L'obiettivo: distruggere gli ultimi bastioni dell'informazione libera
La Repubblica e La Stampa non sono obiettivi casuali. Sono i simboli di un'Italia che ancora osa criticare i potenti, che non si piega alle mode del momento, che mantiene una linea editoriale indipendente. La Repubblica, fondata da Eugenio Scalfari nel 1976, rappresenta la sinistra intellettuale che tanto dà fastidio alle élite globaliste. La Stampa, storica voce del liberalismo torinese dal 1867, incarna quella borghesia moderata che ancora crede nei valori occidentali.
Entrambi i giornali hanno osato criticare sia Giorgia Meloni che Donald Trump. Entrambi hanno mantenuto una linea pro-europea che disturba i piani di chi vuole frammentare l'Occidente. Per questo devono essere neutralizzati.
Quando Putin applaude, c'è da preoccuparsi
Il particolare più inquietante di tutta questa vicenda? L'endorsement dell'ambasciata russa a Roma, che ha pubblicamente salutato con favore la vendita, sperando che i giornali smettano di fare "propaganda anti-russa sfrenata".
La redazione de La Repubblica ha giustamente reagito con sdegno, denunciando l'ingerenza straniera. Ma la domanda vera è: perché la Russia, teoricamente esclusa da questa rete Trump-Qatar-Arabia Saudita, plaude all'operazione?

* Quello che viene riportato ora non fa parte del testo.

lemma reduced_ode_wronskian_derivative:
  assumes "smooth_on_Icc \<xi> D" "reduced_ode n lam D" "smooth_on_Icc \<phi> F" "reduced_ode n lam' F"
    and t: "t \<in> {0<..<pi/2}"
  shows "((\<lambda>t. sin (2*t) ^ n * (D 1 t * F 0 t - D 0 t * F 1 t)) has_real_derivative
      (lam' - lam) * (sin (2*t) ^ n * D 0 t * F 0 t)) (at t)"
proof -
  have s: "sin (2*t) > 0"
    using t by (intro sin_gt_zero) auto
  have D2: "D 2 t = - 2 * real n * cot (2*t) * D 1 t
      + (4 * real n / (sin (2*t))\<^sup>2 - 4 * (real n + 1)) * D 0 t - lam * D 0 t"
    and F2: "F 2 t = - 2 * real n * cot (2*t) * F 1 t
      + (4 * real n / (sin (2*t))\<^sup>2 - 4 * (real n + 1)) * F 0 t - lam' * F 0 t"
    using assms(2,4) t unfolding reduced_ode_def by (auto simp: algebra_simps)
  have pow: "real n * sin (2*t) ^ (n - 1) = real n * sin (2*t) ^ n / sin (2*t)"
    using s by (cases n) auto
  have "((\<lambda>t. sin (2*t) ^ n * (D 1 t * F 0 t - D 0 t * F 1 t)) has_real_derivative
      real n * sin (2*t) ^ (n - 1) * (cos (2*t) * 2) * (D 1 t * F 0 t - D 0 t * F 1 t)
      + sin (2*t) ^ n * (D 2 t * F 0 t + D 1 t * F 1 t - (D 1 t * F 1 t + D 0 t * F 2 t))) (at t)"
    using smooth_on_Icc_has_real_derivative[OF assms(1) t, of 0]
      smooth_on_Icc_has_real_derivative[OF assms(1) t, of 1]
      smooth_on_Icc_has_real_derivative[OF assms(3) t, of 0]
      smooth_on_Icc_has_real_derivative[OF assms(3) t, of 1]
    by (auto intro!: derivative_eq_intros simp: numeral_2_eq_2)
  moreover have "real n * sin (2*t) ^ (n - 1) * (cos (2*t) * 2) * (D 1 t * F 0 t - D 0 t * F 1 t)
      + sin (2*t) ^ n * (D 2 t * F 0 t + D 1 t * F 1 t - (D 1 t * F 1 t + D 0 t * F 2 t))
      = (lam' - lam) * (sin (2*t) ^ n * D 0 t * F 0 t)"
    unfolding pow D2 F2 cot_def using s by (simp add: field_simps)
  ultimately show ?thesis by simp
qed

lemma reduced_ode_orthogonal:
  assumes "n \<ge> 1" and \<xi>: "smooth_on_Icc \<xi> D" "reduced_ode n lam D"
    and \<phi>: "smooth_on_Icc \<phi> F" "reduced_ode n lam' F" and "lam \<noteq> lam'"
  shows "((\<lambda>t. sin (2*t) ^ n * \<xi> t * \<phi> t) has_integral 0) {0..pi/2}"
proof -
  define W where "W t = sin (2*t) ^ n * (D 1 t * F 0 t - D 0 t * F 1 t)" for t
  have "continuous_on {0..pi/2} W"
    unfolding W_def using smooth_on_Icc_continuous_on[OF \<xi>(1)] smooth_on_Icc_continuous_on[OF \<phi>(1)]
    by (intro continuous_intros) auto
  then have "((\<lambda>t. (lam' - lam) * (sin (2*t) ^ n * D 0 t * F 0 t)) has_integral W (pi/2) - W 0) {0..pi/2}"
    using reduced_ode_wronskian_derivative[OF \<xi> \<phi>]
    by (intro fundamental_theorem_of_calculus_interior)
       (auto simp: W_def has_real_derivative_iff_has_vector_derivative)
  moreover have "W (pi/2) = 0" "W 0 = 0" \<comment> \<open>the weight \<open>sin\<^sup>n 2t\<close> vanishes at both ends\<close>
    unfolding W_def using \<open>n \<ge> 1\<close> by auto
  moreover note smooth_on_Icc_zero[OF \<xi>(1)] smooth_on_Icc_zero[OF \<phi>(1)]
  ultimately have "((\<lambda>t. (lam' - lam) * (sin (2*t) ^ n * \<xi> t * \<phi> t)) has_integral 0) {0..pi/2}"
    by simp
  from has_integral_mult_right[OF this, of "1 / (lam' - lam)"]
  show ?thesis using \<open>lam \<noteq> lam'\<close> by simp
qed

lemma reduced_ode_cos_moments:
  assumes "n \<ge> 1" "smooth_on_Icc \<xi> D" "reduced_ode n lam D"
    and not_eigen: "\<forall>j. lam \<noteq> 4 * real j * (real j + real n + 2)"
  shows "((\<lambda>t. sin (2*t) ^ Suc n * \<xi> t * cos (2*t) ^ i) has_integral 0) {0..pi/2}"
proof (induction i rule: less_induct)
  case (less i)
  \<comment> \<open>the \<open>i\<close>-th eigenfunction is \<open>sin 2t\<close> times a polynomial of exact degree \<open>i\<close> in \<open>cos 2t\<close>\<close>
  define h where "h t = sin (2*t) ^ Suc n * \<xi> t" for t
  define c where "c = gegenbauer_coeff (real n + 3) i"
  have orthogonal:
    "((\<lambda>t. sin (2*t) ^ n * \<xi> t * cos2_poly (0, gegenbauer_poly (real n + 3) i) t) has_integral 0)
      {0..pi/2}"
    using reduced_ode_orthogonal[OF assms(1-3) smooth_on_Icc_cos2_poly reduced_ode_gegenbauer]
      not_eigen by simp
  have expand: "sin (2*t) ^ n * \<xi> t * cos2_poly (0, gegenbauer_poly (real n + 3) i) t =
      (\<Sum>k<i. c k * (h t * cos (2*t) ^ k)) + c i * (h t * cos (2*t) ^ i)" for t
    unfolding cos2_poly_odd poly_gegenbauer_poly h_def c_def lessThan_Suc_atMost[symmetric] sum.lessThan_Suc
    by (simp add: sum_distrib_left algebra_simps)
  have lower: "((\<lambda>t. \<Sum>k<i. c k * (h t * cos (2*t) ^ k)) has_integral (\<Sum>k<i. c k * 0))
      {0..pi/2}"
    by (intro has_integral_sum has_integral_mult_right) (use less.IH h_def in auto)
  have "((\<lambda>t. c i * (h t * cos (2*t) ^ i)) has_integral 0) {0..pi/2}"
    using has_integral_diff[OF orthogonal[unfolded expand] lower] by simp
  from has_integral_mult_right[OF this, of "1 / c i"]
  show ?case
    using gegenbauer_coeff_nonzero[of "real n + 3" i i] unfolding c_def h_def by simp
qed

lemma cos2_polynomial_approximation:
  assumes "continuous_on {0..pi/2} f" "e > 0"
  obtains a N where "\<And>t. t \<in> {0..pi/2} \<Longrightarrow> \<bar>f t - (\<Sum>i\<le>N. a i * cos (2*t) ^ i)\<bar> < e"
proof -
  have "continuous_on {-1..1} (\<lambda>x. arccos x / 2)"
    by (intro continuous_intros continuous_on_arccos') auto
  moreover have "(\<lambda>x. arccos x / 2) ` {-1..1} \<subseteq> {0..pi/2}"
    using arccos_lbound arccos_ubound by fastforce
  ultimately have "continuous_on {-1..1} (\<lambda>x. f (arccos x / 2))"
    using continuous_on_compose2[OF assms(1)] by blast
  then obtain g where g: "real_polynomial_function g" "\<And>x. x \<in> {-1..1} \<Longrightarrow> \<bar>f (arccos x / 2) - g x\<bar> < e"
    using Stone_Weierstrass_real_polynomial_function[OF compact_Icc _ assms(2)] by blast
  obtain a N where aN: "g = (\<lambda>x. \<Sum>i\<le>N. a i * x ^ i)"
    using g(1) real_polynomial_function_iff_sum by blast
  show ?thesis
  proof (rule that)
    fix t :: real
    assume "t \<in> {0..pi/2}"
    then have "arccos (cos (2*t)) / 2 = t"
      by (subst arccos_cos) auto
    then show "\<bar>f t - (\<Sum>i\<le>N. a i * cos (2*t) ^ i)\<bar> < e"
      using g(2)[of "cos (2*t)"] aN by simp
  qed
qed

lemma has_integral_zero_if_cos2_moments_zero:
  assumes h: "continuous_on {0..pi/2} h" and f: "continuous_on {0..pi/2} f"
    and moments: "\<And>i. ((\<lambda>t. h t * cos (2*t) ^ i) has_integral 0) {0..pi/2}"
  shows "((\<lambda>t. h t * f t) has_integral 0) {0..pi/2}"
proof -
  define I where "I = integral {0..pi/2} (\<lambda>t. h t * f t)"
  have I: "((\<lambda>t. h t * f t) has_integral I) {0..pi/2}"
    unfolding I_def by (intro integrable_integral integrable_continuous_real continuous_intros h f)
  obtain B where B: "B > 0" "\<And>t. t \<in> {0..pi/2} \<Longrightarrow> \<bar>h t\<bar> \<le> B"
    using compact_imp_bounded[OF compact_continuous_image[OF h compact_Icc]]
    unfolding bounded_pos by auto
  have bound: "\<bar>I\<bar> \<le> B * e * (pi/2)" if "e > 0" for e
  proof -
    obtain a N where approx: "\<And>t. t \<in> {0..pi/2} \<Longrightarrow> \<bar>f t - (\<Sum>i\<le>N. a i * cos (2*t) ^ i)\<bar> < e"
      using cos2_polynomial_approximation[OF f \<open>e > 0\<close>] by blast
    have poly_moment: "((\<lambda>t. \<Sum>i\<le>N. a i * (h t * cos (2*t) ^ i)) has_integral (\<Sum>i\<le>N. a i * 0))
        {0..pi/2}"
      by (intro has_integral_sum has_integral_mult_right moments) auto
    have error_integral:
      "((\<lambda>t. h t * (f t - (\<Sum>i\<le>N. a i * cos (2*t) ^ i))) has_integral I) (cbox 0 (pi/2))"
      using has_integral_diff[OF I poly_moment] by (simp add: sum_distrib_left algebra_simps)
    have error_bound: "norm (h t * (f t - (\<Sum>i\<le>N. a i * cos (2*t) ^ i))) \<le> B * e"
      if "t \<in> cbox 0 (pi/2)" for t
      using B(2)[of t] approx[of t] that unfolding abs_mult real_norm_def
      by (intro mult_mono) auto
    show ?thesis
      using has_integral_bound[OF _ error_integral error_bound] B(1) \<open>e > 0\<close> by simp
  qed
  have "\<bar>I\<bar> \<le> 0 + e" if "e > 0" for e
  proof -
    have "\<bar>I\<bar> \<le> B * (e / (B * (pi/2))) * (pi/2)"
      using B(1) that by (intro bound) simp
    also have "\<dots> = 0 + e"
      using B(1) by simp
    finally show ?thesis .
  qed
  then have "\<bar>I\<bar> \<le> 0"
    by (rule field_le_epsilon)
  then have "I = 0"
    by simp
  then show ?thesis
    using I by simp
qed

La risposta è semplice: tutti gli autocrati del mondo hanno lo stesso obiettivo. Indebolire la stampa libera occidentale. Non serve un'alleanza formale tra Mosca, Doha e Mar-a-Lago. Basta la convergenza di interessi anti-democratici.
Il silenzio complice di Giorgia Meloni
La Premier non ha commentato ufficialmente. Ma secondo fonti riportate da El País, avrebbe dato il suo assenso sottobanco. D'altronde, perché Meloni dovrebbe opporsi? La Repubblica la critica quotidianamente, meglio averla sotto controllo che libera di mordere.

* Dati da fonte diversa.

(* Let $F_2=\langle a,b\rangle$ be the free group of rank two and let $\rho:F_2\to PSL(2,\mathbb{C})$ be a homomorphism with $\rho(a)$ parabolic. Then there is a homomorphism $\tilde\rho:F_2\to PSL(2,\mathbb{C})$ with $\tilde\rho(a)=\rho(a)$, $\tilde\rho(b)$ elliptic of order two, and \[\operatorname{tr}[\rho(a),\rho(b)]-2=\operatorname{tr}[\tilde\rho(a),\tilde\rho(b)]-2 .\] If $\rho(F_2)$ is discrete, then so is $\tilde\rho(F_2)$.
   Context: $[x,y]=xyx^{-1}y^{-1}$; the trace of a commutator is well defined in $PSL(2,\mathbb{C})$. *)

theory Defs
  imports "HOL-Analysis.Analysis"
begin

text \<open>Elements of PSL(2,C) are represented by lifts in SL(2,C), i.e. 2x2 complex
  matrices of determinant 1, considered up to sign.  A homomorphism from the free
  group F2 = <a,b> is the same as a choice of images of a and b, so it is
  represented by a pair of lifts (A, B).\<close>

type_synonym mat2 = "complex ^ 2 ^ 2"

definition sl2 :: "mat2 \<Rightarrow> bool" where
  "sl2 M \<longleftrightarrow> det M = 1"

definition pm_id :: "mat2 \<Rightarrow> bool" where
  "pm_id M \<longleftrightarrow> M = mat 1 \<or> M = - mat 1"

definition parabolic :: "mat2 \<Rightarrow> bool" where
  "parabolic M \<longleftrightarrow> sl2 M \<and> \<not> pm_id M \<and> (trace M)\<^sup>2 = 4"

definition elliptic :: "mat2 \<Rightarrow> bool" where
  "elliptic M \<longleftrightarrow> sl2 M \<and> \<not> pm_id M \<and> trace M \<in> \<real> \<and> \<bar>Re (trace M)\<bar> < 2"

definition psl_order_two :: "mat2 \<Rightarrow> bool" where
  "psl_order_two M \<longleftrightarrow> \<not> pm_id M \<and> pm_id (M ** M)"

definition commutator :: "mat2 \<Rightarrow> mat2 \<Rightarrow> mat2" where
  "commutator X Y = X ** Y ** matrix_inv X ** matrix_inv Y"

text \<open>Full preimage in SL(2,C) of the subgroup of PSL(2,C) generated by the
  classes of A and B (i.e. of the image rho(F2)).\<close>
inductive_set gen_preimage :: "mat2 \<Rightarrow> mat2 \<Rightarrow> mat2 set" for A B where
  one: "mat 1 \<in> gen_preimage A B"
| mone: "- mat 1 \<in> gen_preimage A B"
| lA: "g \<in> gen_preimage A B \<Longrightarrow> A ** g \<in> gen_preimage A B"
| lAi: "g \<in> gen_preimage A B \<Longrightarrow> matrix_inv A ** g \<in> gen_preimage A B"
| lB: "g \<in> gen_preimage A B \<Longrightarrow> B ** g \<in> gen_preimage A B"
| lBi: "g \<in> gen_preimage A B \<Longrightarrow> matrix_inv B ** g \<in> gen_preimage A B"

L'Italia ha gli strumenti per bloccare acquisizioni straniere nei settori strategici attraverso il "golden power". Ma evidentemente, per questo governo, l'informazione non è strategica. O forse lo è, ma preferiscono allinearla ai loro interessi piuttosto che difenderne l'indipendenza.
La fine di un'epoca: quando i giornali diventano armi di influenza
Se l'operazione andrà in porto entro gennaio, sarà la fine di un'epoca. Non solo la mercificazione del giornalismo, ma la penetrazione del discorso pubblico italiano da parte di interessi stranieri che non rispettano né il dissenso né il pluralismo.

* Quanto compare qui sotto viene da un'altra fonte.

(* Let $L$ be a multiplicative lattice. (1) If $\{p_\lambda\}_{\lambda\in\Lambda}$ is a family of prime elements of $L$, then $\bigwedge_{\lambda\in\Lambda}p_\lambda$ is a quasi $m$-absorbing element of $L$ for all $m\ge2$. (2) If $\{p_\lambda\}_{\lambda\in\Lambda}$ is a family of weakly prime elements of $L$, then $\bigwedge_{\lambda\in\Lambda}p_\lambda$ is a weakly quasi $m$-absorbing element of $L$ for all $m\ge2$.
   Context: A multiplicative lattice is a complete lattice $L$ with least element $0$ and compact greatest element $1$, equipped with a commutative, associative product that distributes over arbitrary joins and has $1$ as multiplicative identity. An element $a$ is compact if $a\le\bigvee_{\alpha\in I}a_\alpha$ implies $a\le\bigvee_{\alpha\in I_0}a_\alpha$ for some finite $I_0\subseteq I$; $L_*$ denotes the set of compact elements. A proper element $p$ ($p<1$) is prime (resp. weakly prime) if for $a,b\in L$, $ab\le p$ (resp. $0\ne ab\le p$) implies $a\le p$ or $b\le p$. A proper element $q$ is quasi $m$-absorbing if whenever $a^mb\le q$ for some $a,b\in L_*$, then $a^m\le q$ or $a^{m-1}b\le q$; it is weakly quasi $m$-absorbing if whenever $0\ne a^mb\le q$ for some $a,b\in L_*$, then $a^m\le q$ or $a^{m-1}b\le q$. *)

theory Defs
  imports Main
begin

definition compact_el :: "'a::complete_lattice \<Rightarrow> bool" where
  "compact_el a \<longleftrightarrow> (\<forall>S. a \<le> Sup S \<longrightarrow> (\<exists>T. finite T \<and> T \<subseteq> S \<and> a \<le> Sup T))"

text \<open>Multiplicative lattice: complete lattice (0 = bot, 1 = top) with compact top and a
commutative, associative product distributing over arbitrary joins, with top as unit.\<close>
locale mult_lattice =
  fixes mult :: "'a::complete_lattice \<Rightarrow> 'a \<Rightarrow> 'a"
  assumes mult_comm: "mult a b = mult b a"
    and mult_assoc: "mult (mult a b) c = mult a (mult b c)"
    and mult_Sup_distrib: "mult a (Sup S) = Sup (mult a ` S)"
    and mult_top: "mult top a = a"
    and top_compact: "compact_el (top::'a)"

primrec mpow :: "('a::complete_lattice \<Rightarrow> 'a \<Rightarrow> 'a) \<Rightarrow> 'a \<Rightarrow> nat \<Rightarrow> 'a" where
  "mpow mult a 0 = top"
| "mpow mult a (Suc n) = mult a (mpow mult a n)"

definition prime_el :: "('a::complete_lattice \<Rightarrow> 'a \<Rightarrow> 'a) \<Rightarrow> 'a \<Rightarrow> bool" where
  "prime_el mult p \<longleftrightarrow> p < top \<and>
     (\<forall>a b. mult a b \<le> p \<longrightarrow> a \<le> p \<or> b \<le> p)"

definition weakly_prime_el :: "('a::complete_lattice \<Rightarrow> 'a \<Rightarrow> 'a) \<Rightarrow> 'a \<Rightarrow> bool" where
  "weakly_prime_el mult p \<longleftrightarrow> p < top \<and>
     (\<forall>a b. mult a b \<noteq> bot \<longrightarrow> mult a b \<le> p \<longrightarrow> a \<le> p \<or> b \<le> p)"

definition quasi_m_absorbing :: "('a::complete_lattice \<Rightarrow> 'a \<Rightarrow> 'a) \<Rightarrow> nat \<Rightarrow> 'a \<Rightarrow> bool" where
  "quasi_m_absorbing mult m q \<longleftrightarrow> q < top \<and>
     (\<forall>a b. compact_el a \<longrightarrow> compact_el b \<longrightarrow> mult (mpow mult a m) b \<le> q \<longrightarrow>
        mpow mult a m \<le> q \<or> mult (mpow mult a (m - 1)) b \<le> q)"

definition weakly_quasi_m_absorbing :: "('a::complete_lattice \<Rightarrow> 'a \<Rightarrow> 'a) \<Rightarrow> nat \<Rightarrow> 'a \<Rightarrow> bool" where
  "weakly_quasi_m_absorbing mult m q \<longleftrightarrow> q < top \<and>
     (\<forall>a b. compact_el a \<longrightarrow> compact_el b \<longrightarrow> mult (mpow mult a m) b \<noteq> bot \<longrightarrow>
        mult (mpow mult a m) b \<le> q \<longrightarrow>
        mpow mult a m \<le> q \<or> mult (mpow mult a (m - 1)) b \<le> q)"

end

theory Submission
  imports Defs
begin

text \<open>For \<open>m \<ge> 2\<close> we have \<open>a^m b = a (a^(m-1) b)\<close> and \<open>a^(m-1) b \<le> a\<close>. If \<open>p\<close> is
  (weakly) prime and \<open>a^m b \<le> p\<close>, then \<open>a \<le> p\<close> or \<open>a^(m-1) b \<le> p\<close>, and in both cases
  \<open>a^(m-1) b \<le> p\<close>. So \<open>a^(m-1) b\<close> lies below every \<open>p\<^sub>\<lambda>\<close>, hence below their meet:
  the second alternative of the absorbing condition always holds, even without compactness.\<close>

context mult_lattice
begin

lemma mult_mono_right: "x \<le> y \<Longrightarrow> mult a x \<le> mult a y"
proof -
  assume "x \<le> y"
  then have "mult a y = Sup (mult a ` {x, y})"
    using mult_Sup_distrib[of a "{x, y}"] by (simp add: sup_absorb2)
  then show ?thesis by (simp add: sup.absorb_iff2)
qed

lemma mult_le_left: "mult a x \<le> a"
proof -
  have "mult a x \<le> mult a top" by (rule mult_mono_right) simp
  also have "\<dots> = a" using mult_comm mult_top by metis
  finally show ?thesis .
qed

lemma mult_mpow_eq:
  assumes "m \<ge> 2"
  shows "mult (mpow mult a m) b = mult a (mult (mpow mult a (m - 1)) b)"
  using assms by (cases m) (simp_all add: mult_assoc)

lemma mult_mpow_le_base:
  assumes "m \<ge> 2"
  shows "mult (mpow mult a (m - 1)) b \<le> a"
proof -
  obtain k where m: "m = Suc (Suc k)" using assms by (metis add_2_eq_Suc le_Suc_ex)
  have "mult (mpow mult a (m - 1)) b \<le> mpow mult a (m - 1)" by (rule mult_le_left)
  also have "\<dots> \<le> a" using m by (simp add: mult_le_left)
  finally show ?thesis .
qed

lemma prime_el_le_of_mult_le:
  assumes "prime_el mult p" and "x \<le> a" and "mult a x \<le> p"
  shows "x \<le> p"
  using assms unfolding prime_el_def by (meson order_trans)

lemma weakly_prime_el_le_of_mult_le:
  assumes "weakly_prime_el mult p" and "x \<le> a" and "mult a x \<le> p" and "mult a x \<noteq> bot"
  shows "x \<le> p"
  using assms unfolding weakly_prime_el_def by (meson order_trans)

lemma INF_prime_quasi_m_absorbing:
  assumes "Lam \<noteq> {}" and prime: "\<forall>l\<in>Lam. prime_el mult (p l)" and "m \<ge> 2"
  shows "quasi_m_absorbing mult m (INF l\<in>Lam. p l)"
  unfolding quasi_m_absorbing_def
proof (intro conjI allI impI)
  from \<open>Lam \<noteq> {}\<close> obtain l0 where "l0 \<in> Lam" by blast
  with prime show "(INF l\<in>Lam. p l) < top"
    unfolding prime_el_def by (meson INF_lower le_less_trans)
  fix a b
  assume le: "mult (mpow mult a m) b \<le> (INF l\<in>Lam. p l)"
  have "mult (mpow mult a (m - 1)) b \<le> p l" if "l \<in> Lam" for l
  proof (rule prime_el_le_of_mult_le)
    show "prime_el mult (p l)" using prime that by blast
    show "mult (mpow mult a (m - 1)) b \<le> a" using \<open>m \<ge> 2\<close> by (rule mult_mpow_le_base)
    have "mult a (mult (mpow mult a (m - 1)) b) = mult (mpow mult a m) b"
      using \<open>m \<ge> 2\<close> by (rule mult_mpow_eq[symmetric])
    also have "\<dots> \<le> (INF l\<in>Lam. p l)" by (rule le)
    also have "\<dots> \<le> p l" using that by (rule INF_lower)
    finally show "mult a (mult (mpow mult a (m - 1)) b) \<le> p l" .
  qed
  then show "mpow mult a m \<le> (INF l\<in>Lam. p l) \<or> mult (mpow mult a (m - 1)) b \<le> (INF l\<in>Lam. p l)"
    by (simp add: le_INF_iff)
qed

lemma INF_weakly_prime_weakly_quasi_m_absorbing:
  assumes "Lam \<noteq> {}" and prime: "\<forall>l\<in>Lam. weakly_prime_el mult (p l)" and "m \<ge> 2"
  shows "weakly_quasi_m_absorbing mult m (INF l\<in>Lam. p l)"
  unfolding weakly_quasi_m_absorbing_def
proof (intro conjI allI impI)
  from \<open>Lam \<noteq> {}\<close> obtain l0 where "l0 \<in> Lam" by blast
  with prime show "(INF l\<in>Lam. p l) < top"
    unfolding weakly_prime_el_def by (meson INF_lower le_less_trans)
  fix a b
  assume nonzero: "mult (mpow mult a m) b \<noteq> bot"
    and le: "mult (mpow mult a m) b \<le> (INF l\<in>Lam. p l)"
  have "mult (mpow mult a (m - 1)) b \<le> p l" if "l \<in> Lam" for l
  proof (rule weakly_prime_el_le_of_mult_le)
    show "weakly_prime_el mult (p l)" using prime that by blast
    show "mult (mpow mult a (m - 1)) b \<le> a" using \<open>m \<ge> 2\<close> by (rule mult_mpow_le_base)
    have "mult a (mult (mpow mult a (m - 1)) b) = mult (mpow mult a m) b"
      using \<open>m \<ge> 2\<close> by (rule mult_mpow_eq[symmetric])
    also have "\<dots> \<le> (INF l\<in>Lam. p l)" by (rule le)
    also have "\<dots> \<le> p l" using that by (rule INF_lower)
    finally show "mult a (mult (mpow mult a (m - 1)) b) \<le> p l" .
    show "mult a (mult (mpow mult a (m - 1)) b) \<noteq> bot"
      using nonzero mult_mpow_eq[OF \<open>m \<ge> 2\<close>] by simp
  qed
  then show "mpow mult a m \<le> (INF l\<in>Lam. p l) \<or> mult (mpow mult a (m - 1)) b \<le> (INF l\<in>Lam. p l)"
    by (simp add: le_INF_iff)
qed

end

theorem mainTheorem5:
  fixes mult :: "'a::complete_lattice \<Rightarrow> 'a \<Rightarrow> 'a"
    and p :: "'i \<Rightarrow> 'a" and Lam :: "'i set"
  assumes "mult_lattice mult"
    and "Lam \<noteq> {}"
  shows "((\<forall>l\<in>Lam. prime_el mult (p l)) \<longrightarrow>
            (\<forall>m::nat. m \<ge> 2 \<longrightarrow> quasi_m_absorbing mult m (INF l\<in>Lam. p l)))
       \<and> ((\<forall>l\<in>Lam. weakly_prime_el mult (p l)) \<longrightarrow>
            (\<forall>m::nat. m \<ge> 2 \<longrightarrow> weakly_quasi_m_absorbing mult m (INF l\<in>Lam. p l)))"
proof -
  interpret mult_lattice mult by fact
  show ?thesis
    using INF_prime_quasi_m_absorbing[OF assms(2)]
      INF_weakly_prime_weakly_quasi_m_absorbing[OF assms(2)] by blast
qed

end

A Torino, città natale de La Stampa, cresce l'indignazione. I giornalisti scioperano. L'arcivescovo esprime preoccupazione. Ma come sempre, il capitale si muove più veloce della protesta. I nostri giornali stanno diventando armi. Non della verità, ma dell'influenza straniera.
È questo il prezzo della globalizzazione? Vendere la nostra voce al miglior offerente, anche se viene da Riad o da Doha? L'Italia merita di meglio. I suoi cittadini meritano un'informazione libera, non controllata da petrolieri e faccendieri internazionali.